* DATA TO USE:
(* Let $(\mathcal A,\phi)$ be a noncommutative probability space with an exchangeability system whose copies are indexed by $k\in\{0,1,2,\dots\}$, and let $X_1,\dots,X_n\in\mathcal A$. Then $$\phi(X_1X_2\cdots X_n)=\sum_{\substack{A\subseteq[n]\\ 1\in A}}\frac{1}{|A|}\,\tilde\phi(X_1^{A,\omega}X_2^{A,\omega}\cdots X_n^{A,\omega}),$$ where for each $A$, $\omega$ is a primitive root of unity of order $|A|$ and $X_j^{A,\omega}=\sum_{k=1}^{|A|}\omega^kX_j^{(k)}$ if $j\in A$, and $X_j^{A,\omega}=X_j^{(0)}$ if $j\notin A$.
   Context: A noncommutative probability space is a pair $(\mathcal A,\phi)$ of a complex unital algebra $\mathcal A$ and a unital linear functional $\phi$. An exchangeability system for $(\mathcal A,\phi)$ here consists of a noncommutative probability space $(\mathcal U,\tilde\phi)$ and a family $(\iota_k)_{k\ge0}$ of embeddings (injective unital algebra homomorphisms) $\iota_k:\mathcal A\to\mathcal U$ with $\tilde\phi\circ\iota_k=\phi$; write $X^{(k)}=\iota_k(X)$. It is required that for all $X_1,\dots,X_n\in\mathcal A$, all indices $i_1,\dots,i_n\ge0$ and every bijection $\sigma$ of $\{0,1,2,\dots\}$, $\tilde\phi(X_1^{(i_1)}\cdots X_n^{(i_n)})=\tilde\phi(X_1^{(\sigma(i_1))}\cdots X_n^{(\sigma(i_n))})$. *)

theory Defs
  imports Complex_Main
begin

definition complex_unital_algebra :: "(complex \<Rightarrow> 'a::ring_1 \<Rightarrow> 'a) \<Rightarrow> bool" where
  "complex_unital_algebra sc \<longleftrightarrow> vector_space sc \<and>
     (\<forall>c a b. sc c (a * b) = sc c a * b \<and> sc c (a * b) = a * sc c b)"

definition nc_prob_space :: "(complex \<Rightarrow> 'a::ring_1 \<Rightarrow> 'a) \<Rightarrow> ('a \<Rightarrow> complex) \<Rightarrow> bool" where
  "nc_prob_space sc phi \<longleftrightarrow> complex_unital_algebra sc \<and> Vector_Spaces.linear sc (*) phi \<and> phi 1 = 1"

definition unital_alg_embedding ::
  "(complex \<Rightarrow> 'a::ring_1 \<Rightarrow> 'a) \<Rightarrow> (complex \<Rightarrow> 'u::ring_1 \<Rightarrow> 'u) \<Rightarrow> ('a \<Rightarrow> 'u) \<Rightarrow> bool" where
  "unital_alg_embedding scA scU f \<longleftrightarrow> Vector_Spaces.linear scA scU f \<and>
     (\<forall>a b. f (a * b) = f a * f b) \<and> f 1 = 1 \<and> inj f"

definition exchangeability_system ::
  "(complex \<Rightarrow> 'a::ring_1 \<Rightarrow> 'a) \<Rightarrow> ('a \<Rightarrow> complex) \<Rightarrow>
   (complex \<Rightarrow> 'u::ring_1 \<Rightarrow> 'u) \<Rightarrow> ('u \<Rightarrow> complex) \<Rightarrow> (nat \<Rightarrow> 'a \<Rightarrow> 'u) \<Rightarrow> bool" where
  "exchangeability_system scA phi scU phit iota \<longleftrightarrow>
     nc_prob_space scU phit \<and>
     (\<forall>k. unital_alg_embedding scA scU (iota k) \<and> phit \<circ> iota k = phi) \<and>
     (\<forall>(n::nat) (X::nat \<Rightarrow> 'a) (i::nat \<Rightarrow> nat) (\<sigma>::nat \<Rightarrow> nat). bij \<sigma> \<longrightarrow>
        phit (prod_list (map (\<lambda>j. iota (i j) (X j)) [0..<n])) =
        phit (prod_list (map (\<lambda>j. iota (\<sigma> (i j)) (X j)) [0..<n])))"
text \<open>A suitable point exists: otherwise the I-positive target would be covered by
  the forbidden set and countably many earlier points, a set in I.\<close>

lemma point_spec:
  "point \<alpha> \<in> target \<alpha> \<and> point \<alpha> \<notin> forbidden \<alpha> \<and> point \<alpha> \<notin> point ` {\<beta>. lt \<beta> \<alpha>}"
proof -
  have "forbidden \<alpha> \<in> I"
    unfolding forbidden_def using ideal countable_initial_segment[of \<alpha>]
    by (intro sigma_ideal_countable_Union) auto
  moreover have "point ` {\<beta>. lt \<beta> \<alpha>} \<in> I"
    using standing countable_initial_segment[of \<alpha>] by (simp add: standing_countable_in_ideal)
  ultimately have "forbidden \<alpha> \<union> point ` {\<beta>. lt \<beta> \<alpha>} \<in> I"
    by (rule sigma_ideal_Un[OF ideal])
  moreover have "target \<alpha> \<notin> I"
    unfolding target_def using UNIV_notin_ideal by auto
  ultimately have "\<not> target \<alpha> \<subseteq> forbidden \<alpha> \<union> point ` {\<beta>. lt \<beta> \<alpha>}"
    using ideal sigma_ideal_subset by blast
  then have "\<exists>p. p \<in> target \<alpha> \<and> p \<notin> forbidden \<alpha> \<and> p \<notin> point ` {\<beta>. lt \<beta> \<alpha>}"
    by blast
  then show ?thesis unfolding point_unfold[of \<alpha>] by (rule someI_ex)
qed

text \<open>Each point differs from all earlier ones, so distinct stages give distinct points.\<close>

lemma inj_point: "inj point"
proof (rule injI)
  fix \<alpha> \<beta> assume "point \<alpha> = point \<beta>"
  then show "\<alpha> = \<beta>"
    using point_spec[of \<alpha>] point_spec[of \<beta>] lt_linear[of \<alpha> \<beta>] by (metis image_eqI mem_Collect_eq)
qed

definition colour :: "real \<Rightarrow> real" where
  "colour p = (if p \<in> range point then code (inv point p) 0 else p)"

definition part :: "real \<Rightarrow> real set" where
  "part r = {p. colour p = r}"

lemma colour_point: "colour (point \<alpha>) = code \<alpha> 0"
  unfolding colour_def using inj_point by simp

lemma part_disjoint: "disjoint_family part"
  unfolding disjoint_family_on_def part_def by auto
(* Let $X$ be a Wiener--Weierstra\ss\ bridge with $H=1/2$ (so $W$ is a standard Brownian motion and $\kappa$ is H\"older continuous with some exponent $\tau>1/2$), and parameters $\alpha\in(0,1)$, $b\in\{2,3,\dots\}$ with $\alpha^2b=1$. Then $\mathbb P$-a.s., for all $t\in(0,1]$, $$\lim_{n\to\infty}\frac1n\sum_{k=0}^{\lfloor tb^n\rfloor-1}\big(X((k+1)b^{-n})-X(kb^{-n})\big)^2=t .$$ In particular, $\mathbb P$-a.s. the $p$-th variation $\langle X\rangle^{(p)}_1$ is infinite for every $p\le2$ and zero for every $p>2$.
   Context: Let $W=(W(t))_{t\ge0}$ be a fractional Brownian motion with Hurst parameter $H\in(0,1)$. Let $\kappa:[0,1]\to[0,1]$ be a deterministic function with $\kappa(0)=0$, $\kappa(1)=1$ that is H\"older continuous with some exponent $\tau\in(H,1]$. The fractional Brownian bridge is $B(t):=W(t)-\kappa(t)W(1)$, $t\in[0,1]$. For $x\ge0$, $\{x\}$ denotes the fractional part of $x$. For $\alpha\in(0,1)$, $b\in\{2,3,\dots\}$, the fractional Wiener--Weierstra\ss\ bridge is $X(t):=\sum_{n=0}^\infty\alpha^nB(\{b^nt\})$, $0\le t\le1$. For a function $f:[0,1]\to\mathbb R$ and $p>0$, the $p$-th variation along the $b$-adic partitions is $\langle f\rangle^{(p)}_t:=\lim_{n\to\infty}\sum_{k=0}^{\lfloor tb^n\rfloor-1}|f((k+1)b^{-n})-f(kb^{-n})|^p$, $t\in[0,1]$, provided the limit exists (possibly $+\infty$). *)

theory Defs
  imports "HOL-Probability.Probability"
begin

definition brownian_motion :: "'a measure \<Rightarrow> (real \<Rightarrow> 'a \<Rightarrow> real) \<Rightarrow> bool" where
  "brownian_motion M W \<longleftrightarrow>
     prob_space M \<and>
     (\<forall>t\<ge>0. W t \<in> borel_measurable M) \<and>
     (\<forall>\<omega>\<in>space M. W 0 \<omega> = 0) \<and>
     (\<forall>\<omega>\<in>space M. continuous_on {0..} (\<lambda>t. W t \<omega>)) \<and>
     (\<forall>s t. 0 \<le> s \<and> s < t \<longrightarrow>
        distributed M lborel (\<lambda>\<omega>. W t \<omega> - W s \<omega>) (normal_density 0 (sqrt (t - s)))) \<and>
     (\<forall>(n::nat) (u::nat \<Rightarrow> real). 0 \<le> u 0 \<and> (\<forall>i<n. u i < u (Suc i)) \<longrightarrow>
        prob_space.indep_vars M (\<lambda>_. borel) (\<lambda>i \<omega>. W (u (Suc i)) \<omega> - W (u i) \<omega>) {..<n})"

definition hoelder_on01 :: "real \<Rightarrow> (real \<Rightarrow> real) \<Rightarrow> bool" where
  "hoelder_on01 \<tau> f \<longleftrightarrow> (\<exists>C. \<forall>s\<in>{0..1}. \<forall>t\<in>{0..1}. \<bar>f s - f t\<bar> \<le> C * \<bar>s - t\<bar> powr \<tau>)"

definition bridge :: "(real \<Rightarrow> 'a \<Rightarrow> real) \<Rightarrow> (real \<Rightarrow> real) \<Rightarrow> real \<Rightarrow> 'a \<Rightarrow> real" where
  "bridge W \<kappa> t \<omega> = W t \<omega> - \<kappa> t * W 1 \<omega>"

definition ww_bridge :: "(real \<Rightarrow> 'a \<Rightarrow> real) \<Rightarrow> (real \<Rightarrow> real) \<Rightarrow> real \<Rightarrow> nat \<Rightarrow> real \<Rightarrow> 'a \<Rightarrow> real" where
  "ww_bridge W \<kappa> \<alpha> b t \<omega> = (\<Sum>n. \<alpha> ^ n * bridge W \<kappa> (frac (real b ^ n * t)) \<omega>)"

definition pvar_sum :: "(real \<Rightarrow> real) \<Rightarrow> nat \<Rightarrow> real \<Rightarrow> real \<Rightarrow> nat \<Rightarrow> real" where
  "pvar_sum f b p t n =
     (\<Sum>k<nat \<lfloor>t * real b ^ n\<rfloor>. \<bar>f ((real k + 1) / real b ^ n) - f (real k / real b ^ n)\<bar> powr p)"

definition has_pvariation :: "(real \<Rightarrow> real) \<Rightarrow> nat \<Rightarrow> real \<Rightarrow> real \<Rightarrow> ereal \<Rightarrow> bool" where
  "has_pvariation f b p t L \<longleftrightarrow> ((\<lambda>n. ereal (pvar_sum f b p t n)) \<longlongrightarrow> L) sequentially"

end

theory Submission
  imports Defs "HOL-Number_Theory.Cong"
begin
lemma z_order:
  assumes "d \<ge> 1" "x > 0"
  shows "0 < z_plus d x" "z_plus d x < z_mid d x" "z_mid d x < z_minus d x"
proof -
  show "0 < z_plus d x" "z_plus d x < z_mid d x"
    unfolding z_plus_def z_mid_def using assms by (simp_all add: frac_less2)
  show "z_mid d x < z_minus d x"
  proof (cases "d = 1")
    case True
    have "sqrt x < x + 2"
    proof (cases "x \<le> 1")
      case False
      then show ?thesis using real_sqrt_less_iff[of x "x^2"] by (simp add: power2_eq_square)
    qed (use assms real_sqrt_le_1_iff[of x] in linarith)
    then show ?thesis unfolding z_mid_def z_minus_def using True by simp
  next
    case False
    then show ?thesis unfolding z_mid_def z_minus_def using assms by (simp add: frac_less2)
  qed
qed

lemma prim_plus_deriv: "z \<noteq> 0 \<Longrightarrow>
  (prim_plus d x has_real_derivative (real d + 1 - x / z^2) * (x / z^2 - real d)) (at z)"
  unfolding prim_plus_def
  by (rule derivative_eq_intros refl | simp)+
     (simp add: field_simps power2_eq_square power3_eq_cube power4_eq_xxxx eval_nat_numeral)

lemma prim_minus_deriv: "z \<noteq> 0 \<Longrightarrow>
  (prim_minus d x has_real_derivative (real d - x / z^2) * (x / z^2 - real d + 1)) (at z)"
  unfolding prim_minus_def
  by (rule derivative_eq_intros refl | simp)+
     (simp add: field_simps power2_eq_square power3_eq_cube power4_eq_xxxx eval_nat_numeral)
(* Let $\{\psi_i\}_{i=1}^N$ be a frame for $\mathbb{R}^d$ with analysis operator $\Psi$ and frame operator $S=\Psi^\top\Psi$, and let $\{\varphi_i\}_{i=1}^N$ be its canonical dual frame, $\varphi_i=S^{-1}\psi_i$. Then the set $\{(\varphi_i,\psi_i)\}_{i=1}^N$ is cyclically monotone.
   Context: A finite frame is a finite spanning set of $\mathbb{R}^d$; its analysis operator $\Psi\in\mathbb{R}^{N\times d}$ has rows $\psi_i^\top$. A set $S\subset\mathbb{R}^d\times\mathbb{R}^d$ is cyclically monotone if for every finite subset $\{(x_1,y_1),\dots,(x_n,y_n)\}\subset S$ and every permutation $\sigma$ of $\{1,\dots,n\}$, $\sum_i\langle x_i,y_i\rangle\ge\sum_i\langle x_i,y_{\sigma(i)}\rangle$. *)

theory Defs
  imports "HOL-Analysis.Analysis" "HOL-Combinatorics.Permutations"
begin

definition cyclically_monotone :: "('a::real_inner \<times> 'a) set \<Rightarrow> bool" where
  "cyclically_monotone S \<longleftrightarrow>
     (\<forall>(n::nat) (p::nat \<Rightarrow> 'a \<times> 'a) \<sigma>.
        p ` {..<n} \<subseteq> S \<longrightarrow> inj_on p {..<n} \<longrightarrow> \<sigma> permutes {..<n} \<longrightarrow>
        (\<Sum>i<n. fst (p i) \<bullet> snd (p i)) \<ge> (\<Sum>i<n. fst (p i) \<bullet> snd (p (\<sigma> i))))"

text \<open>Frame operator S = Psi^T Psi = sum_i psi_i psi_i^T, where the analysis operator Psi has rows psi_i.\<close>
definition frame_operator :: "nat \<Rightarrow> (nat \<Rightarrow> real^'d) \<Rightarrow> real^'d^'d" where
  "frame_operator N \<psi> = (\<Sum>i<N. (\<chi> j k. \<psi> i $ j * \<psi> i $ k))"

definition is_frame :: "nat \<Rightarrow> (nat \<Rightarrow> real^'d) \<Rightarrow> bool" where
  "is_frame N \<psi> \<longleftrightarrow> span (\<psi> ` {..<N}) = UNIV"

definition canonical_dual :: "nat \<Rightarrow> (nat \<Rightarrow> real^'d) \<Rightarrow> nat \<Rightarrow> real^'d" where
  "canonical_dual N \<psi> i = matrix_inv (frame_operator N \<psi>) *v \<psi> i"

end

theory Submission
  imports Defs
begin

text \<open>The frame operator S is self-adjoint and positive semidefinite, and for a frame it is
  invertible; hence so is B = S^-1, since \<open>x \<bullet> B x = B x \<bullet> S (B x) \<ge> 0\<close>. The canonical dual
  pairs are \<open>(B \<psi> i, \<psi> i)\<close>, so they lie on the graph of B, and for any self-adjoint positive
  semidefinite B the identity
  \<open>2 (\<Sum>i. B y\<^sub>i \<bullet> y\<^sub>i - \<Sum>i. B y\<^sub>i \<bullet> y\<^sub>\<sigma>\<^sub>i) = \<Sum>i. (y\<^sub>i - y\<^sub>\<sigma>\<^sub>i) \<bullet> B (y\<^sub>i - y\<^sub>\<sigma>\<^sub>i) \<ge> 0\<close>
  shows that this graph is cyclically monotone.\<close>

lemma cyclically_monotone_subset:
  assumes "cyclically_monotone T" and "S \<subseteq> T"
  shows "cyclically_monotone S"
  using assms unfolding cyclically_monotone_def by (meson order_trans)

lemma self_adjoint_psd_sum_permute_le:
  fixes B :: "'a::real_inner \<Rightarrow> 'a"
  assumes lin: "linear B"
    and adj: "\<And>x y. x \<bullet> B y = B x \<bullet> y"
    and psd: "\<And>x. x \<bullet> B x \<ge> 0"
    and perm: "\<sigma> permutes {..<n}"
  shows "(\<Sum>i<n. B (y i) \<bullet> y (\<sigma> i)) \<le> (\<Sum>i<n. B (y i) \<bullet> y i)"
proof -
  have permuted_diagonal: "(\<Sum>i<n. B (y (\<sigma> i)) \<bullet> y (\<sigma> i)) = (\<Sum>i<n. B (y i) \<bullet> y i)"
    using sum.permute[OF perm, of "\<lambda>i. B (y i) \<bullet> y i"] by (simp add: comp_def)
  have expand: "(y i - y (\<sigma> i)) \<bullet> B (y i - y (\<sigma> i)) =
      B (y i) \<bullet> y i - 2 * (B (y i) \<bullet> y (\<sigma> i)) + B (y (\<sigma> i)) \<bullet> y (\<sigma> i)" for i
    using adj[of "y i" "y (\<sigma> i)"] adj[of "y (\<sigma> i)" "y i"]
    by (simp add: linear_diff[OF lin] inner_diff_left inner_diff_right inner_commute)
  have "0 \<le> (\<Sum>i<n. (y i - y (\<sigma> i)) \<bullet> B (y i - y (\<sigma> i)))"
    by (rule sum_nonneg) (simp add: psd)
  also have "\<dots> = 2 * (\<Sum>i<n. B (y i) \<bullet> y i) - 2 * (\<Sum>i<n. B (y i) \<bullet> y (\<sigma> i))"
    by (simp add: expand sum.distrib sum_subtractf permuted_diagonal sum_distrib_left)
  finally show ?thesis by simp
qed

lemma cyclically_monotone_self_adjoint_psd_graph:
  fixes B :: "'a::real_inner \<Rightarrow> 'a"
  assumes "linear B" and "\<And>x y. x \<bullet> B y = B x \<bullet> y" and "\<And>x. x \<bullet> B x \<ge> 0"
  shows "cyclically_monotone (range (\<lambda>y. (B y, y)))"
  unfolding cyclically_monotone_def
proof (intro allI impI)
  fix n and p :: "nat \<Rightarrow> 'a \<times> 'a" and \<sigma>
  assume graph: "p ` {..<n} \<subseteq> range (\<lambda>y. (B y, y))" and "inj_on p {..<n}"
    and perm: "\<sigma> permutes {..<n}"
  have on_graph: "fst (p i) = B (snd (p i))" if "i < n" for i
    using graph that by auto
  have "(\<Sum>i<n. fst (p i) \<bullet> snd (p (\<sigma> i))) = (\<Sum>i<n. B (snd (p i)) \<bullet> snd (p (\<sigma> i)))"
    by (simp add: on_graph)
  also have "\<dots> \<le> (\<Sum>i<n. B (snd (p i)) \<bullet> snd (p i))"
    by (rule self_adjoint_psd_sum_permute_le[OF assms perm])
  also have "\<dots> = (\<Sum>i<n. fst (p i) \<bullet> snd (p i))"
    by (simp add: on_graph)
  finally show "(\<Sum>i<n. fst (p i) \<bullet> snd (p (\<sigma> i))) \<le> (\<Sum>i<n. fst (p i) \<bullet> snd (p i))" .
qed

lemma matrix_mul_matrix_inv:
  fixes A :: "'a::field^'n^'n"
  assumes "invertible A"
  shows "A ** matrix_inv A = mat 1"
  using assms unfolding matrix_inv_def invertible_def
  by (rule someI_ex[where P = "\<lambda>A'. A ** A' = mat 1 \<and> A' ** A = mat 1", THEN conjunct1])

lemma matrix_vector_mul_matrix_inv:
  fixes A :: "'a::field^'n^'n"
  assumes "invertible A"
  shows "A *v (matrix_inv A *v x) = x"
  by (simp add: matrix_vector_mul_assoc matrix_mul_matrix_inv[OF assms])

lemma self_adjoint_matrix_inv:
  fixes A :: "real^'n^'n"
  assumes "invertible A" and adj: "\<And>x y. x \<bullet> (A *v y) = (A *v x) \<bullet> y"
  shows "x \<bullet> (matrix_inv A *v y) = (matrix_inv A *v x) \<bullet> y"
proof -
  have "x \<bullet> (matrix_inv A *v y) = (A *v (matrix_inv A *v x)) \<bullet> (matrix_inv A *v y)"
    by (simp add: matrix_vector_mul_matrix_inv[OF assms(1)])
  also have "\<dots> = (matrix_inv A *v x) \<bullet> (A *v (matrix_inv A *v y))"
    by (simp add: adj)
  finally show ?thesis
    by (simp add: matrix_vector_mul_matrix_inv[OF assms(1)])
qed

lemma psd_matrix_inv:
  fixes A :: "real^'n^'n"
  assumes "invertible A" and psd: "\<And>x. x \<bullet> (A *v x) \<ge> 0"
  shows "x \<bullet> (matrix_inv A *v x) \<ge> 0"
proof -
  have "x \<bullet> (matrix_inv A *v x) = (matrix_inv A *v x) \<bullet> (A *v (matrix_inv A *v x))"
    by (simp add: matrix_vector_mul_matrix_inv[OF assms(1)] inner_commute)
  also have "\<dots> \<ge> 0"
    by (rule psd)
  finally show ?thesis .
qed

lemma frame_operator_mult_vec:
  fixes \<psi> :: "nat \<Rightarrow> real^'d"
  shows "frame_operator N \<psi> *v z = (\<Sum>i<N. (\<psi> i \<bullet> z) *\<^sub>R \<psi> i)"
proof -
  have "(frame_operator N \<psi> *v z) $ j = (\<Sum>i<N. (\<psi> i \<bullet> z) *\<^sub>R \<psi> i) $ j" for j
  proof -
    have "(frame_operator N \<psi> *v z) $ j = (\<Sum>k\<in>UNIV. (\<Sum>i<N. \<psi> i $ j * \<psi> i $ k) * z $ k)"
      by (simp add: matrix_vector_mult_def frame_operator_def sum_component)
    also have "\<dots> = (\<Sum>i<N. \<Sum>k\<in>UNIV. \<psi> i $ j * \<psi> i $ k * z $ k)"
      by (simp add: sum_distrib_right sum.swap[of _ UNIV])
    also have "\<dots> = (\<Sum>i<N. (\<psi> i \<bullet> z) * \<psi> i $ j)"
      by (simp add: inner_vec_def sum_distrib_left sum_distrib_right mult_ac)
    finally show ?thesis by (simp add: sum_component)
  qed
  then show ?thesis by (simp add: vec_eq_iff)
qed

lemma frame_operator_self_adjoint:
  fixes \<psi> :: "nat \<Rightarrow> real^'d"
  shows "x \<bullet> (frame_operator N \<psi> *v y) = (frame_operator N \<psi> *v x) \<bullet> y"
  by (simp add: frame_operator_mult_vec inner_sum_left inner_sum_right mult.commute inner_commute)

lemma frame_operator_quadratic_form:
  fixes \<psi> :: "nat \<Rightarrow> real^'d"
  shows "z \<bullet> (frame_operator N \<psi> *v z) = (\<Sum>i<N. (\<psi> i \<bullet> z)\<^sup>2)"
  by (simp add: frame_operator_mult_vec inner_sum_right power2_eq_square inner_commute)

lemma frame_operator_psd:
  fixes \<psi> :: "nat \<Rightarrow> real^'d"
  shows "z \<bullet> (frame_operator N \<psi> *v z) \<ge> 0"
  by (simp add: frame_operator_quadratic_form sum_nonneg)

lemma invertible_frame_operator:
  fixes \<psi> :: "nat \<Rightarrow> real^'d"
  assumes "is_frame N \<psi>"
  shows "invertible (frame_operator N \<psi>)"
proof -
  have "z = 0" if "frame_operator N \<psi> *v z = 0" for z
  proof -
    have "(\<Sum>i<N. (\<psi> i \<bullet> z)\<^sup>2) = 0"
      using frame_operator_quadratic_form[of z N \<psi>] that by simp
    then have orthogonal: "\<forall>i\<in>{..<N}. \<psi> i \<bullet> z = 0"
      by (simp add: sum_nonneg_eq_0_iff)
    have "span (\<psi> ` {..<N}) \<subseteq> {x. x \<bullet> z = 0}"
      by (rule span_minimal) (use orthogonal in \<open>auto simp: subspace_def inner_add_left\<close>)
    then have "z \<bullet> z = 0"
      using assms by (auto simp: is_frame_def subset_iff)
    then show ?thesis by simp
  qed
  then show ?thesis
    using matrix_left_invertible_ker invertible_left_inverse by metis
qed

theorem mainTheorem6:
  fixes N :: nat and \<psi> :: "nat \<Rightarrow> real^'d"
  assumes "is_frame N \<psi>"
  shows "cyclically_monotone ((\<lambda>i. (canonical_dual N \<psi> i, \<psi> i)) ` {..<N})"
proof -
  define S where "S = frame_operator N \<psi>"
  have inv: "invertible S"
    unfolding S_def using assms by (rule invertible_frame_operator)
  have "cyclically_monotone (range (\<lambda>y. (matrix_inv S *v y, y)))"
  proof (rule cyclically_monotone_self_adjoint_psd_graph)
    show "x \<bullet> (matrix_inv S *v y) = (matrix_inv S *v x) \<bullet> y" for x y
      by (rule self_adjoint_matrix_inv[OF inv]) (simp add: S_def frame_operator_self_adjoint)
    show "x \<bullet> (matrix_inv S *v x) \<ge> 0" for x
      by (rule psd_matrix_inv[OF inv]) (simp add: S_def frame_operator_psd)
  qed (rule matrix_vector_mul_linear)
  then show ?thesis
    by (rule cyclically_monotone_subset) (auto simp: canonical_dual_def S_def)
qed

end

* EXERCISE: The answer is the run of lines above from the line containing "(\<forall>(n::nat) (u::nat \<Rightarrow>" through the line containing "real \<Rightarrow> ereal", copied exactly and alone.

* REPLY TO THE TASK:
     (\<forall>(n::nat) (u::nat \<Rightarrow> real). 0 \<le> u 0 \<and> (\<forall>i<n. u i < u (Suc i)) \<longrightarrow>
        prob_space.indep_vars M (\<lambda>_. borel) (\<lambda>i \<omega>. W (u (Suc i)) \<omega> - W (u i) \<omega>) {..<n})"

definition hoelder_on01 :: "real \<Rightarrow> (real \<Rightarrow> real) \<Rightarrow> bool" where
  "hoelder_on01 \<tau> f \<longleftrightarrow> (\<exists>C. \<forall>s\<in>{0..1}. \<forall>t\<in>{0..1}. \<bar>f s - f t\<bar> \<le> C * \<bar>s - t\<bar> powr \<tau>)"

definition bridge :: "(real \<Rightarrow> 'a \<Rightarrow> real) \<Rightarrow> (real \<Rightarrow> real) \<Rightarrow> real \<Rightarrow> 'a \<Rightarrow> real" where
  "bridge W \<kappa> t \<omega> = W t \<omega> - \<kappa> t * W 1 \<omega>"

definition ww_bridge :: "(real \<Rightarrow> 'a \<Rightarrow> real) \<Rightarrow> (real \<Rightarrow> real) \<Rightarrow> real \<Rightarrow> nat \<Rightarrow> real \<Rightarrow> 'a \<Rightarrow> real" where
  "ww_bridge W \<kappa> \<alpha> b t \<omega> = (\<Sum>n. \<alpha> ^ n * bridge W \<kappa> (frac (real b ^ n * t)) \<omega>)"

definition pvar_sum :: "(real \<Rightarrow> real) \<Rightarrow> nat \<Rightarrow> real \<Rightarrow> real \<Rightarrow> nat \<Rightarrow> real" where
  "pvar_sum f b p t n =
     (\<Sum>k<nat \<lfloor>t * real b ^ n\<rfloor>. \<bar>f ((real k + 1) / real b ^ n) - f (real k / real b ^ n)\<bar> powr p)"

definition has_pvariation :: "(real \<Rightarrow> real) \<Rightarrow> nat \<Rightarrow> real \<Rightarrow> real \<Rightarrow> ereal \<Rightarrow> bool" where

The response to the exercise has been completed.